Star Home Cook Sally Searby’s Lemon Drizzle Cake is an explosion of bright lemon flavor. There’s lemon juice and zest in the cake, the lemon curd filling, and the sugary drizzle topping. Sally now lives in Greenport, NY, but she’s originally from England. Baking her mom’s cake recipes remind her of her childhood home, where almost everything could be solved over tea and cake.
For the cake
- 6 ounces, plus 2 teaspoons baking powder all-purpose flour sifted (this mimics the self-rising flour Sally used in England)
- 1 level teaspoon baking powder (in addition to what you mix in with the flour)
- 6 ounces caster sugar (or granulated sugar made fine in a blender)
- 6 ounces butter at room temperature
- 3 eggs
- Juice of half a lemon
- lemon zest
For the lemon curd
- 3 ounces caster sugar (or finely blended granulated sugar)
- 1 large juicy lemon, grated zest and juice only
- 2 eggs
- 2 ounces unsalted butter
For the icing
- Zest of 1 large lemon
- 2 ounces caster sugar
- 2-3 teaspoons lemon juice,
- Preheat the oven to 170C/325F/Gas 3.
- Measure all the cake ingredients into a mixing bowl and beat until you have a smooth, creamy consistency. (Tip: Sift the flour over a bowl from a height so it is very light.) Divide the mixture evenly between the two 7-inch round baking tins and bake them on the center shelf of the oven for about 30 minutes or until the centers feel springy when lightly touched.
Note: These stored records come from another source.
lemma root_step_jumps:
  assumes ws: "jump_args us = ws1 @ w # ws2" and rt: "root_step (foldl Sub t ws1) w Z"
  obtains t' us' where "foldl Sub Z ws2 = jumps t' us'" "set us' \<subseteq> set us"
    "msubsts t' us' = msubsts t us" "(jump_measure t' us', jump_measure t us) \<in> measure_order"
proof -
  obtain us1 u us2 where us: "us = us1 @ u # us2"
    and ws1: "ws1 = map (lift (Suc (length us2)) 0) (jump_args us1)"
    and w: "w = lift (length us2) 0 u" and ws2: "ws2 = jump_args us2"
    using jump_args_split[OF ws] by blast
  from rt[unfolded root_step_def] show ?thesis
  proof (elim disjE exE conjE)
    assume Z: "Z = subst (foldl Sub t ws1) 0 w"
    let ?t2 = "psubst (upsn (length us1) (substf 0 (lift (length us2) 0 u))) t"
    show ?thesis
    proof (rule that[of ?t2 "us1 @ us2"])
      show "foldl Sub Z ws2 = jumps ?t2 (us1 @ us2)"
        by (simp only: Z ws1 w ws2 erase_step_jumps)
    qed (auto simp: us msubsts_erase jump_measure_erase)
  next
    fix B' assume sp: "split 0 (foldl Sub t ws1) B'" and a: "1 \<le> occ 0 B'" and b: "1 \<le> occ 1 B'"
      and Z: "Z = Sub (Sub B' (lift 1 0 w)) w"
    obtain t' where spt: "split (length us1) t t'"
      and shape: "foldl Sub Z ws2 = jumps t' (us1 @ u # u # us2)"
      and "occ 0 B' = occ (length us1) t'" "occ 1 B' = occ (Suc (length us1)) t'"
      using dup_step_jumps[OF sp[unfolded ws1]] Z w ws2 by metis
    with a b have "(jump_measure t' (us1 @ u # u # us2), jump_measure t us) \<in> measure_order"
      using jump_measure_dup[OF spt] us by simp
    thus ?thesis using that[OF shape] msubsts_dup[OF spt] us by auto
  qed
qed

lemma step_jumps:
  assumes st: "step (jumps t us) Y" and snu: "\<forall>u\<in>set us. SNa u"
  obtains t' us' where "Y = jumps t' us'" "\<forall>u\<in>set us'. SNa u"
    "step\<^sup>*\<^sup>* (msubsts t us) (msubsts t' us')"
    "step\<^sup>+\<^sup>+ (msubsts t us) (msubsts t' us') \<or>
        (jump_measure t' us', jump_measure t us) \<in> measure_order"
proof -
  from step_foldl_Sub[OF st[unfolded jumps_foldl]] show ?thesis
  proof (elim disjE exE conjE)
    fix t' assume "step t t'" and Y: "Y = foldl Sub t' (jump_args us)"
    have "step (msubsts t us) (msubsts t' us)"
      using \<open>step t t'\<close> by (simp add: msubsts_psubst step_psubst)
    thus ?thesis using that[of t' us] snu Y
      by (simp add: jumps_foldl tranclp.r_into_trancl r_into_rtranclp)
  next
    fix ws1 w ws2 w' assume ws: "jump_args us = ws1 @ w # ws2" and "step w w'"
      and Y: "Y = foldl Sub t (ws1 @ w' # ws2)"
    from arg_step_jumps[OF ws this(2) snu] obtain us' where "Y = jumps t us'"
      "\<forall>u\<in>set us'. SNa u" "step\<^sup>*\<^sup>* (msubsts t us) (msubsts t us')"
      "(jump_measure t us', jump_measure t us) \<in> measure_order"
      by (metis Y)
    thus ?thesis using that by blast
  next
    fix ws1 w ws2 Z assume ws: "jump_args us = ws1 @ w # ws2" and Y: "Y = foldl Sub Z ws2"
      and "root_step (foldl Sub t ws1) w Z"
    from root_step_jumps[OF ws this(3)] obtain t' us' where "Y = jumps t' us'"
      "set us' \<subseteq> set us" "msubsts t' us' = msubsts t us"
      "(jump_measure t' us', jump_measure t us) \<in> measure_order"
      by (metis Y)
    thus ?thesis using that[of t' us'] snu by auto
  qed
qed

lemma step_spine:
  assumes st: "step (foldl App (jumps t us) vs) X" and snu: "\<forall>u\<in>set us. SNa u"
  obtains t' us' vs' where "X = foldl App (jumps t' us') vs'" "\<forall>u\<in>set us'. SNa u"
    "step\<^sup>*\<^sup>* (foldl App (msubsts t us) vs) (foldl App (msubsts t' us') vs')"
    "step\<^sup>+\<^sup>+ (foldl App (msubsts t us) vs) (foldl App (msubsts t' us') vs') \<or>
     (jump_measure t' us', jump_measure t us) \<in> measure_order"
proof -
  from step_foldl_App[OF st] show ?thesis
  proof (elim disjE exE conjE)
    fix Y assume "step (jumps t us) Y" and X: "X = foldl App Y vs"
    from step_jumps[OF this(1) snu] obtain t' us' where "Y = jumps t' us'" "\<forall>u\<in>set us'. SNa u"
      "step\<^sup>*\<^sup>* (msubsts t us) (msubsts t' us')"
      "step\<^sup>+\<^sup>+ (msubsts t us) (msubsts t' us') \<or>
          (jump_measure t' us', jump_measure t us) \<in> measure_order"
      by metis
    thus ?thesis
      using that[of t' us' vs] X rtranclp_map[of step "\<lambda>a. foldl App a vs"]
        tranclp_map[of step "\<lambda>a. foldl App a vs"] step_foldl_App_head by blast
  next
    fix vs1 v vs2 v' assume "vs = vs1 @ v # vs2" "step v v'"
      and X: "X = foldl App (jumps t us) (vs1 @ v' # vs2)"
    hence "step (foldl App (msubsts t us) vs) (foldl App (msubsts t us) (vs1 @ v' # vs2))"
      using step_foldl_App_arg by simp
    thus ?thesis using that[OF X snu] by auto
  next
    fix s L v vs' assume vs: "vs = v # vs'" and jL: "jumps t us = foldl Sub (Lam s) L"
      and X: "X = foldl App (foldl Sub (Sub s (lift (length L) 0 v)) L) vs'"
    from foldl_Sub_eq_Lam[OF jL[unfolded jumps_foldl]] obtain L0 where
      L0: "L = L0 @ jump_args us" "t = foldl Sub (Lam s) L0" by blast
    define t2 where "t2 = foldl Sub (Sub s (lift (length L0 + length us) 0 v)) L0"
    have X': "X = foldl App (jumps t2 us) vs'" using X L0 by (simp add: t2_def jumps_foldl)
    let ?s = "upsn (length L0) (env us)"
    have "psubst ?s (lift (length L0 + length us) 0 v) = lift (length L0) 0 v"
      using psubst_lift[of "length L0" "env us" "lift (length us) 0 v"]
      by (simp add: lift_lift0 psubst_env_lift del: upsn.simps)
    hence "msubsts t2 us = foldl Sub (Sub (psubst (ups ?s) s) (lift (length L0) 0 v))
        (psL (env us) L0)"
      by (simp add: t2_def msubsts_psubst psubst_foldl del: upsn.simps)
    moreover have "msubsts t us = foldl Sub (Lam (psubst (ups ?s) s)) (psL (env us) L0)"
      using L0 by (simp add: msubsts_psubst psubst_foldl del: upsn.simps)
    ultimately have "step (App (msubsts t us) v) (msubsts t2 us)"
      using step.dB[of "psubst (ups ?s) s" "psL (env us) L0" v] by simp
    hence "step (foldl App (msubsts t us) vs) (foldl App (msubsts t2 us) vs')"
      using vs step_foldl_App_head by simp
    thus ?thesis using that[OF X' snu] by auto
  qed
qed

section \<open>The main induction\<close>

lemma tranclp_step_SN: "step\<^sup>+\<^sup>+ P P' \<Longrightarrow> SNa P \<Longrightarrow> (P', P) \<in> step_SN\<^sup>+"
proof (induction rule: tranclp_induct)
  case (base y) thus ?case by (auto simp: step_SN_def)
next
  case (step y z)
  have "SNa y" using SNa_steps[OF tranclp_into_rtranclp[OF step.hyps(1)] step.prems] .
  hence "(z, y) \<in> step_SN" using step.hyps(2) by (simp add: step_SN_def)
  thus ?case using step.IH[OF step.prems] by (rule trancl_into_trancl2)
qed

definition progress_order :: "((trm \<times> trm multiset \<times> nat) \<times> (trm \<times> trm multiset \<times> nat)) set" where
  "progress_order = step_SN\<^sup>+ <*lex*> measure_order"

lemma wf_progress_order: "wf progress_order"
  unfolding progress_order_def by (intro wf_lex_prod wf_trancl wf_step_SN wf_measure_order)

lemma progress_orderI:
  assumes "SNa P" "step\<^sup>*\<^sup>* P P'" "step\<^sup>+\<^sup>+ P P' \<or> (m', m) \<in> measure_order"
  shows "((P', m'), (P, m)) \<in> progress_order"
proof (cases "step\<^sup>+\<^sup>+ P P'")
  case True
  thus ?thesis using tranclp_step_SN assms(1) by (simp add: progress_order_def)
next
  case False
  hence "P' = P" using rtranclpD[OF assms(2)] by blast
  thus ?thesis using False assms(3) by (simp add: progress_order_def)
qed

lemma SNa_jumps:
  "SNa (foldl App (msubsts t us) vs) \<Longrightarrow> \<forall>u\<in>set us. SNa u \<Longrightarrow> SNa (foldl App (jumps t us) vs)"
proof (induction "(foldl App (msubsts t us) vs, jump_measure t us)" arbitrary: t us vs
    rule: wf_induct_rule[OF wf_progress_order, case_names less])
  case less
  show ?case
  proof (rule SNaI)
    fix X assume st: "step (foldl App (jumps t us) vs) X"
    obtain t' us' vs' where
      X: "X = foldl App (jumps t' us') vs'" and snu: "\<forall>u\<in>set us'. SNa u"
      and steps: "step\<^sup>*\<^sup>* (foldl App (msubsts t us) vs) (foldl App (msubsts t' us') vs')"
      and dec: "step\<^sup>+\<^sup>+ (foldl App (msubsts t us) vs) (foldl App (msubsts t' us') vs') \<or>
        (jump_measure t' us', jump_measure t us) \<in> measure_order"
      by (rule step_spine[OF st less.prems(2)])
    have sn': "SNa (foldl App (msubsts t' us') vs')" using SNa_steps[OF steps less.prems(1)] .
    have "((foldl App (msubsts t' us') vs', jump_measure t' us'),
        (foldl App (msubsts t us) vs, jump_measure t us)) \<in> progress_order"
      by (rule progress_orderI[OF less.prems(1) steps dec])
    from less.hyps[OF this sn' snu] show "SNa X" unfolding X .
  qed
qed

theorem theorem18:
  fixes t :: trm and us vs :: "trm list"
  assumes "us \<noteq> []"
    and "\<forall>u \<in> set us. SN u"
    and "SN (foldl App (msubsts t us) vs)"
  shows "SN (foldl App (jumps t us) vs)"
proof -
  have "\<forall>u\<in>set us. SNa u" using assms(2) SN_SNa by blast
  with SN_SNa[OF assms(3)] have "SNa (foldl App (jumps t us) vs)" by (rule SNa_jumps)
  thus ?thesis by (rule SNa_SN)
qed

end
- While the cakes are cooking, make the lemon curd. Place the sugar and grated lemon zest in a bowl, whisk the lemon juice together with the eggs, then pour over the sugar-zest mixture. Then add the butter cut into little pieces, and place the bowl over a pan of simmering water. Stir frequently until it gets thicker- about 20 minutes.
- When the cakes are cooked, remove them from the oven and after about 30 seconds turn them out on to a wire rack. When they are absolutely cold, spread the curd thickly and put one sponge on top of another.
- For the icing, zest and juice a large lemon. Put zest aside. Put the sugar into a bowl and gradually stir in 2-3 teaspoons lemon juice until you have a runny consistency.
- Spread it on top of the cake with a knife, almost to the edges of the cake. Then scatter the lemon zest over the top and leave it for half an hour for the icing to set before serving.
How about changing the ounces to a measurement?? Also, I have made lemon curd many times but when spread it will often breakdown and get “runny”. I now bur Trader Joe’s lemon curd. Delicious! And it does not breakdown!
Kathryn Harris says
I was excited to make this cake for my sisters birthday. Not only because you made it sound so delicious but because I love lemon anything. It was a disaster. It came out flat and the texture was chewy. I was so careful to follow the directions …reading and re reading. Is it possible something is awry with the directions.?
Robyn Doyon-Aitken says
We’ve consulted with Sally about the flour in the original recipe. She was calling for self-rising flour, but now believes that what is available here in the states must be different from the self-rising her mother used baking in England. We’ve changed the flour to all-purpose, with baking powder added to approximate the British ingredient Sally is familiar with. We hope this helps (. . .and apologies the cake didn’t turn out well for you).
Jane Bean says
I just made this cake, but wondered if the recipe wasn’t wrong.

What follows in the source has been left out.